(Saved entries)
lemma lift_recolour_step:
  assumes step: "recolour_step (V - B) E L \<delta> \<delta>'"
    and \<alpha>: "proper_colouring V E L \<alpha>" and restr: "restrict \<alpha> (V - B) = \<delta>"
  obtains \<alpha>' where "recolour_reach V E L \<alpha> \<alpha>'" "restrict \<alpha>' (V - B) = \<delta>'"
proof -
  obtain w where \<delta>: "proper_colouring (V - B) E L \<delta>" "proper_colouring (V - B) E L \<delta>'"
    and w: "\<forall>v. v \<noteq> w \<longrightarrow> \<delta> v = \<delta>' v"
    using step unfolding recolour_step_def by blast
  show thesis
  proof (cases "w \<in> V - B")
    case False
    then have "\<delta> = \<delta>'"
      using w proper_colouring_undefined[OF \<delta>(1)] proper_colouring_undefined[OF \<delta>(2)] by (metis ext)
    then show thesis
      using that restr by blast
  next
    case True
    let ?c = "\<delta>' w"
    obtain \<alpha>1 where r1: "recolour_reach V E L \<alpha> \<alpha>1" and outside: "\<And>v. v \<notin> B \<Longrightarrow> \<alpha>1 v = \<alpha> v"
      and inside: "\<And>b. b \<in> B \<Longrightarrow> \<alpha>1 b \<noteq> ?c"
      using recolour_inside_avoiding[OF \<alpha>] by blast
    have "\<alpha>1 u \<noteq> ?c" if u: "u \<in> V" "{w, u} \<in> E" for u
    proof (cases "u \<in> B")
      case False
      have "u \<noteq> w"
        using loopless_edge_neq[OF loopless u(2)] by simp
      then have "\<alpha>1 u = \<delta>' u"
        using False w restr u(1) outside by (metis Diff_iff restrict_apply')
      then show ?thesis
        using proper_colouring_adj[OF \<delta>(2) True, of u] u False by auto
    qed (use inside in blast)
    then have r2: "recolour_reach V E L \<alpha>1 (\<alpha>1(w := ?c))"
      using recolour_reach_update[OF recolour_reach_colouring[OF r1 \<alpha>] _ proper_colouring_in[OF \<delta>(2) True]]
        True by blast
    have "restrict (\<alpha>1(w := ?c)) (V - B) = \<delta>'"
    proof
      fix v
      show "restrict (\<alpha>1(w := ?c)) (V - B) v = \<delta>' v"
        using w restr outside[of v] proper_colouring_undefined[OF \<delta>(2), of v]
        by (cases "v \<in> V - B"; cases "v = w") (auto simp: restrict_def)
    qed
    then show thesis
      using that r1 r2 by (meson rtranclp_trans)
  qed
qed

## Work to be completed
Give the count of lines in the records above that hold the string "True", and only that count.

## Reply to the task
4